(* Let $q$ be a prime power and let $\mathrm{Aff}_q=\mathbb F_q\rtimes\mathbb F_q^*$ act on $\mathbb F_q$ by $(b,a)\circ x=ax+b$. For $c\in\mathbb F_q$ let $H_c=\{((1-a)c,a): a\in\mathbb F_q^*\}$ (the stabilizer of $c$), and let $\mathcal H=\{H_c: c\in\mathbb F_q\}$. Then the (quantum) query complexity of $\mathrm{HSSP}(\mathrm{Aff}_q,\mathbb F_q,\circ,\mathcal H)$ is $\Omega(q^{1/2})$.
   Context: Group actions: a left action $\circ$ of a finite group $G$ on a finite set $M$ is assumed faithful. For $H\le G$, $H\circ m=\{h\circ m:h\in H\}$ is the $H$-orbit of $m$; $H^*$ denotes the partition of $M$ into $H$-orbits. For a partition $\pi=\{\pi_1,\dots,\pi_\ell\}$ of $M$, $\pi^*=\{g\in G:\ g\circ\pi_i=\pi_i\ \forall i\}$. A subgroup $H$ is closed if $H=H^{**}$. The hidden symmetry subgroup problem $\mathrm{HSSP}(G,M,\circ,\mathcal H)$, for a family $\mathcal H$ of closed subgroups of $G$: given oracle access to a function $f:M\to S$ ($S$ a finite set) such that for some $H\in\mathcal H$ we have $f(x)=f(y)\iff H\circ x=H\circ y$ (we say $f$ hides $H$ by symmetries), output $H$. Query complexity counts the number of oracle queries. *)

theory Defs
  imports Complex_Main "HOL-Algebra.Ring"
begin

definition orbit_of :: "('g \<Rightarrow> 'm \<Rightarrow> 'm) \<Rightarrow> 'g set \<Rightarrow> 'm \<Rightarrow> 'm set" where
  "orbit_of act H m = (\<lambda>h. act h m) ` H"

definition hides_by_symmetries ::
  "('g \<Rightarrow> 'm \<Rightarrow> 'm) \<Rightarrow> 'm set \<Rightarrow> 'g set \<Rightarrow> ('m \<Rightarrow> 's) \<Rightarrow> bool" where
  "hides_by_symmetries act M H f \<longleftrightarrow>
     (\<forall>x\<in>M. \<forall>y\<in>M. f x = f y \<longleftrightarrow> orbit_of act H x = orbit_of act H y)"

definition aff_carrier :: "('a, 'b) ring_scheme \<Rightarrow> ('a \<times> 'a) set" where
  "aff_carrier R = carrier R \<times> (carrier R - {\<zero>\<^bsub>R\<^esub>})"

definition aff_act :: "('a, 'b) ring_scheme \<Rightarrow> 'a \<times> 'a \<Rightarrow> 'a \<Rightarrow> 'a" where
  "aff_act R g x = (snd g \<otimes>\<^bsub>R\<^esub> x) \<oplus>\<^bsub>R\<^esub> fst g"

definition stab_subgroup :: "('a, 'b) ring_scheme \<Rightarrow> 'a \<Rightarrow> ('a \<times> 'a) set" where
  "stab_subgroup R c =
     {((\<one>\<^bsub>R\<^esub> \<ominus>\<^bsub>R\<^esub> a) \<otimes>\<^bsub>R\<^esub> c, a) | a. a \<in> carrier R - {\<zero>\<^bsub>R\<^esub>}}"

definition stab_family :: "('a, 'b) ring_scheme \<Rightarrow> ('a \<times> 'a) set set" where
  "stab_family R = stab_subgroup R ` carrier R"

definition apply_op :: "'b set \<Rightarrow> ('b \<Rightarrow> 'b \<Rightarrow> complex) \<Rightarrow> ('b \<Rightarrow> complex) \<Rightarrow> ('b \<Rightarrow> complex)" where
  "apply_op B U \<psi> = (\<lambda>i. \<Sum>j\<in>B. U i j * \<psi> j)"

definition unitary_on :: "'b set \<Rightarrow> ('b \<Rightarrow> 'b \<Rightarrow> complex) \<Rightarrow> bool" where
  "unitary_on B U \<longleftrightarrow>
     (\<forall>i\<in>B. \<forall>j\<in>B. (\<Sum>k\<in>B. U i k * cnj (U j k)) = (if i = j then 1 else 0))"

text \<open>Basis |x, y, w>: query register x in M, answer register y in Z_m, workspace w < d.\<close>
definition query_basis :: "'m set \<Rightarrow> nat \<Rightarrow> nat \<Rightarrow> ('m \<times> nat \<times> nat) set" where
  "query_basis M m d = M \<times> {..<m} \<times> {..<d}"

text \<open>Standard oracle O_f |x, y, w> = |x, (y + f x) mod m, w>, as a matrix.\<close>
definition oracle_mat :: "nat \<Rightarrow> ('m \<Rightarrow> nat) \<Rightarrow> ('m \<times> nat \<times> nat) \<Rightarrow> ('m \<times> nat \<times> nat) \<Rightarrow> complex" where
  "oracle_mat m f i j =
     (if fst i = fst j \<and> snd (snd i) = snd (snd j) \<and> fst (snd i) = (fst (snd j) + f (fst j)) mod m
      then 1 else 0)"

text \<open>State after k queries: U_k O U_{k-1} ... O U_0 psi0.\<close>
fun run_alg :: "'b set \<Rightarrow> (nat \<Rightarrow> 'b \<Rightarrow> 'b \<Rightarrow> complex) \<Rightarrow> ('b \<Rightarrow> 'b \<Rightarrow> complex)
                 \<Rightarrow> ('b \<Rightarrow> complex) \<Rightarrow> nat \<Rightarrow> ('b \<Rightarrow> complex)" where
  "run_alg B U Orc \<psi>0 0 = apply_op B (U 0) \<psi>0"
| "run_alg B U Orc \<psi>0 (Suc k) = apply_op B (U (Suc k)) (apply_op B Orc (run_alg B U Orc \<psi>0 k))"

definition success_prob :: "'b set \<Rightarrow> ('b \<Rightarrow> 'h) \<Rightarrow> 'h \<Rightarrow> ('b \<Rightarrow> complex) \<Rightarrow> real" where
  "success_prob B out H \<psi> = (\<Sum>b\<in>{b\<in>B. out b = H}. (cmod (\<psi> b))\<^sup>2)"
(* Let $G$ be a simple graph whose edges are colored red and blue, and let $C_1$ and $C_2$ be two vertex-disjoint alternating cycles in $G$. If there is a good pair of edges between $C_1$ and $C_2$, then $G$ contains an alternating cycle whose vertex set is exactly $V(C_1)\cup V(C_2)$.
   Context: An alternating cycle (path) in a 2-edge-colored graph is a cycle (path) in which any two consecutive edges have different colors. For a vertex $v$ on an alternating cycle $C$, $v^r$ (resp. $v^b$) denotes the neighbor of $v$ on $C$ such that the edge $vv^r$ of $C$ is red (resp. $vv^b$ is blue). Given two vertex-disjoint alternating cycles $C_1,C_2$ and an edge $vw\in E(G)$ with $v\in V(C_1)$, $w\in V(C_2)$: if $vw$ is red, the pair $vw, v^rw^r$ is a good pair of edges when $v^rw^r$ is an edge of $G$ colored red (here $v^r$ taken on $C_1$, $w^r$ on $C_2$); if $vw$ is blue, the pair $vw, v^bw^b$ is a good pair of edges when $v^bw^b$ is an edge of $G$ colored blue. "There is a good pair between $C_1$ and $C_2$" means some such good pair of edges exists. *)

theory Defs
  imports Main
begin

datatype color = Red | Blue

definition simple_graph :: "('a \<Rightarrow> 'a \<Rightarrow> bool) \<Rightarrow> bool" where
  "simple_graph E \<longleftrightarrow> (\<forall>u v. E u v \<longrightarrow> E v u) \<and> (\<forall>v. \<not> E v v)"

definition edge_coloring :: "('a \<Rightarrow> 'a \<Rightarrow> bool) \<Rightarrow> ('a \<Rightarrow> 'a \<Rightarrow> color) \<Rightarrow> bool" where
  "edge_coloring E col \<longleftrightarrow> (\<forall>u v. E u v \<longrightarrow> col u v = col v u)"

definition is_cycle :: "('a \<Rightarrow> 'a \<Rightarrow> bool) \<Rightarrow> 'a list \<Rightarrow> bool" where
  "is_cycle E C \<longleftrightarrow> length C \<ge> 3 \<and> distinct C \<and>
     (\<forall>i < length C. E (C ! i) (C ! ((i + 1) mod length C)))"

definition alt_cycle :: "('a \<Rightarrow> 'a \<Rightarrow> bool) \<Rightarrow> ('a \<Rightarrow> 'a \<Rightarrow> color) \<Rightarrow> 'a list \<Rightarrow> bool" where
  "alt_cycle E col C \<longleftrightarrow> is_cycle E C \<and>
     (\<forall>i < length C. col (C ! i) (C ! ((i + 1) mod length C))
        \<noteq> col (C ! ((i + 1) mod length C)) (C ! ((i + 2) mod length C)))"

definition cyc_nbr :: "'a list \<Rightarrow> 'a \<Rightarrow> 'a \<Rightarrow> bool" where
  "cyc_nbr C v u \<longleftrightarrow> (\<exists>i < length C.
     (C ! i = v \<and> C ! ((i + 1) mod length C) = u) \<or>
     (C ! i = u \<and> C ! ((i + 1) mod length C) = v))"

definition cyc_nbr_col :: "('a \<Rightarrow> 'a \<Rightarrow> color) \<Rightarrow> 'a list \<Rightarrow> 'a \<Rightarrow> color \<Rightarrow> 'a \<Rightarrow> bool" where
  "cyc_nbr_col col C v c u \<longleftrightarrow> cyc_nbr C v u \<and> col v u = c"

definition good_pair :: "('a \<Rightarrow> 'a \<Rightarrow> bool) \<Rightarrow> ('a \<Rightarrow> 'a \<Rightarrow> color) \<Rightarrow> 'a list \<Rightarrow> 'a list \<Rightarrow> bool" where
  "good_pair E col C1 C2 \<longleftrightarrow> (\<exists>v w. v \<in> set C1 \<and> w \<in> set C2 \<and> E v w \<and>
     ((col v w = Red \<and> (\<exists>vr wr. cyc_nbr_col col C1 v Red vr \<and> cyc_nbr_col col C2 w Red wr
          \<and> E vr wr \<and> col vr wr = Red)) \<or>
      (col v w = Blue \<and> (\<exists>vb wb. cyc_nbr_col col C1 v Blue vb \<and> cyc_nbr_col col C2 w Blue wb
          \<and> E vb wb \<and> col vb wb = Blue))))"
=-=-=
# Work required:
Tell how many lines of the data include the word "esub", and nothing else.

# Solution below:
3